I don’t have to go too far to find someone I know. Even in high school one of my best friends confided in me that her boyfriend liked to hurt her. I advised her then to stop seeing him. It took a few more times of him “hurting” her before she finally did.

Then in my late twenties, one of my dear friends moved out of town to be with her “dreamy” boyfriend. Through the grapevine I heard that she was being abused. I called her up at work and asked if this was true. She didn’t want to talk about it. That was ok, I didn’t give up. Eventually I went to visit her, and meet him. At first glance, he seemed dashing and quite charming. I could see the attraction. Later though when we “girls” stayed up late chatting into the wee hours, I learned the truth. It didn’t take long for us to come up with a plan to move her back home – while he was away.

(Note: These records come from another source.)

(* Let $S\in\mathbb{R}^{n\times n}$, $n=2m$, be nonsingular and skew-symmetric with eigenvalues $\pm\mathrm{i}\sigma_j$, $j=1,\ldots,m$, where $\sigma_1>\sigma_2\ge\cdots\ge\sigma_m>0$, and let $u_j,v_j\in\mathbb{R}^n$ be such that $\{u_1,\ldots,u_m,v_1,\ldots,v_m\}$ is an orthonormal basis of $\mathbb{R}^n$ and $\frac{\sqrt2}{2}(u_j\pm\mathrm{i}v_j)$ are eigenvectors of $S$ for $\pm\mathrm{i}\sigma_j$ (equivalently $Sv_j=\sigma_ju_j$, $Su_j=-\sigma_jv_j$). Let $q_0\in\mathbb{R}^n$ be a unit vector written as $$q_0=\sum_{i=1}^m\big[\alpha_i(u_i+\mathrm{i}v_i)+\bar\alpha_i(u_i-\mathrm{i}v_i)\big]=2\sum_{i=1}^m(\alpha_{i,1}u_i-\alpha_{i,2}v_i),$$ with $\alpha_i=\alpha_{i,1}+\mathrm{i}\alpha_{i,2}$, and assume $\alpha_1\neq0$. Define $q_{2k+1}=Sq_{2k}/\|Sq_{2k}\|$, $q_{2k+2}=-Sq_{2k+1}/\|Sq_{2k+1}\|$ and $\rho_k=q_{2k+1}^TSq_{2k+2}$ for $k=0,1,\ldots$. Set $$x_o=\frac{-1}{|\alpha_1|}(\alpha_{1,1}v_1+\alpha_{1,2}u_1),\qquad x_e=\frac{1}{|\alpha_1|}(\alpha_{1,1}u_1-\alpha_{1,2}v_1).$$ Then $x_o,x_e$ are orthonormal, $\frac{\sqrt2}{2}(x_o\pm\mathrm{i}x_e)$ are unit eigenvectors of $S$ for the eigenvalues $\pm\mathrm{i}\sigma_1$, and for all $k\ge1$: $$|\tan\angle(q_{2k},x_e)|\le\Big(\frac{\sigma_2}{\sigma_1}\Big)^{2k}|\tan\angle(q_0,x_e)|,$$ $$|\tan\angle(q_{2k-1},x_o)|\le\Big(\frac{\sigma_2}{\sigma_1}\Big)^{2(k-1)}|\tan\angle(Sq_0,x_o)|,$$ $$|\tan\angle(q_{2k-1},x_o)|\le\Big(\frac{\sigma_2}{\sigma_1}\Big)^{2k-1}|\tan\angle(q_0,x_e)|.$$ Moreover, $$|\rho_k-\sigma_1|\le\frac12\tan^2\angle(q_{2k+1},x_o)\,\sigma_1+O\big(\tan^4\angle(q_{2k+1},x_o)\big)=O\Big(\Big(\frac{\sigma_2}{\sigma_1}\Big)^{4k}\Big).$$
   Context: $\|\cdot\|$ is the Euclidean norm; $\angle(x,y)$ denotes the acute angle between real vectors $x,y$, i.e. $\cos\angle(x,y)=|x^Ty|/(\|x\|\|y\|)$. The iteration defining $q_k$ and $\rho_k$ is the skew-symmetric power (SSP) method, which alternately applies $S$ and $S^T=-S$ with normalization. *)

theory Defs
  imports "HOL-Analysis.Analysis" "HOL-Library.Landau_Symbols"
begin

definition vangle :: "real^'n \<Rightarrow> real^'n \<Rightarrow> real" where
  "vangle x y = arccos (\<bar>x \<bullet> y\<bar> / (norm x * norm y))"

fun ssp :: "real^'n^'n \<Rightarrow> real^'n \<Rightarrow> nat \<Rightarrow> real^'n" where
  "ssp S q0 0 = q0"
| "ssp S q0 (Suc j) =
     (if even j then 1 else -1) *\<^sub>R ((1 / norm (S *v ssp S q0 j)) *\<^sub>R (S *v ssp S q0 j))"

definition ssp_rho :: "real^'n^'n \<Rightarrow> real^'n \<Rightarrow> nat \<Rightarrow> real" where
  "ssp_rho S q0 k = ssp S q0 (2*k+1) \<bullet> (S *v ssp S q0 (2*k+2))"

definition cmat :: "real^'n^'n \<Rightarrow> complex^'n^'n" where
  "cmat S = (\<chi> i j. complex_of_real (S $ i $ j))"

definition cvec :: "real^'n \<Rightarrow> real^'n \<Rightarrow> complex^'n" where
  "cvec x y = (\<chi> i. Complex (x $ i) (y $ i))"

end

theory Submission
  imports Defs
begin

(*
  In the orthonormal basis u_i, v_i the matrix S acts on each plane span{u_i, v_i} as a
  quarter turn scaled by sigma_i.  Hence the unnormalised iterate V_j = (+-) S^j q0 has
  coordinates sigma_i^j times a fixed pair built from alpha_i: its component along x_e (j even)
  or x_o (j odd) is 2 sigma_1^j |alpha_1|, and the rest has squared length
  4 sum_{i>=2} sigma_i^(2j) |alpha_i|^2.  So the tangent of the angle is exactly
  sqrt (sum_{i>=2} sigma_i^(2j) |alpha_i|^2) / (sigma_1^j |alpha_1|), which shrinks at least
  by sigma_2/sigma_1 per step.  Skew-symmetry gives rho_k = |S q_(2k+1)| = |V_(2k+2)| / |V_(2k+1)|,
  whose square lies between sigma_1^2 / (1 + t^2) and sigma_1^2 for t = tan angle(q_(2k+1), x_o);
  thus |rho_k - sigma_1| <= t^2 sigma_1 / 2 and the O(t^4) remainder can be taken to be zero.
*)

lemma vangle_scaleR_left:
  assumes "0 < c"
  shows "vangle (c *\<^sub>R x) y = vangle x y"
  unfolding vangle_def using assms by (simp add: abs_mult)

lemma tan_vangle_unit:
  fixes x y :: "real^'n"
  assumes y: "norm y = 1" and pos: "0 < x \<bullet> y"
  shows "tan (vangle x y) = sqrt ((norm x)\<^sup>2 - (x \<bullet> y)\<^sup>2) / (x \<bullet> y)"
proof -
  define d where "d = x \<bullet> y"
  have "d \<le> norm x" using norm_cauchy_schwarz[of x y] y by (simp add: d_def)
  then have nx: "0 < norm x" using pos d_def by linarith
  define c where "c = d / norm x"
  have c: "0 < c" "c \<le> 1" using nx pos \<open>d \<le> norm x\<close> by (auto simp: c_def d_def)
  have "vangle x y = arccos c" unfolding vangle_def c_def d_def using y pos by simp
  then have "tan (vangle x y) = sqrt (1 - c\<^sup>2) / c"
    using c by (simp add: tan_def sin_arccos)
  also have "sqrt (1 - c\<^sup>2) = sqrt ((norm x)\<^sup>2 - d\<^sup>2) / norm x"
    using nx by (simp add: c_def field_simps real_sqrt_divide)
  finally show ?thesis using nx by (simp add: c_def d_def)
qed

And then there’s the pro bono work I did in law school. A friend and I volunteered with the USC School of Law’s Pro Bono Program to assist the grant-sponsored Sistercare legal advocacy program. Our role was limited – we, advocate/law students, couldn’t represent the victims in court, but we could meet with them, complete the questionnaire with them, hand them tissues, hold their hands and hug them. They told us that they appreciated our help.

And one time, the attorney supervisor had another engagement and wasn’t able to appear with one of the victims. The victim, a mild-mannered woman who had been married 30+ years to the man, wasn’t able to afford an attorney. And she had nobody else to go with her into the courtroom. The volunteers were not allowed to represent the victims but were allowed to accompany them into the courtroom.

So I went. I was a little nervous. A little scared. After all, the husband was there. And so was his attorney. And then I had my “aha” moment (as Oprah calls them) – if I was nervous, how did the victim feel?

When the judge asked everyone to identify ourselves, I noted that I was the advocate and unable to represent the woman next to me. The judge allowed me to stay.

The hearing took about 15 minutes. It was evident that the woman didn’t know how to defend her claim. And I was just there to offer her a friendly hand.

After the hearing we went into the hall, where it was TENSE. The woman and I spoke on one side of the hall. The husband and his attorney spoke on the other side. I remember her telling me “I have to go back. He has all the money. I haven’t worked in 30+ years. He said it will be ok.”

I watched as she left me and walked over to her much taller, larger husband. They embraced. I felt alone and demoralized. I don’t know what she felt.

Every now and then I think about her. Is she ok? I’ll probably never know.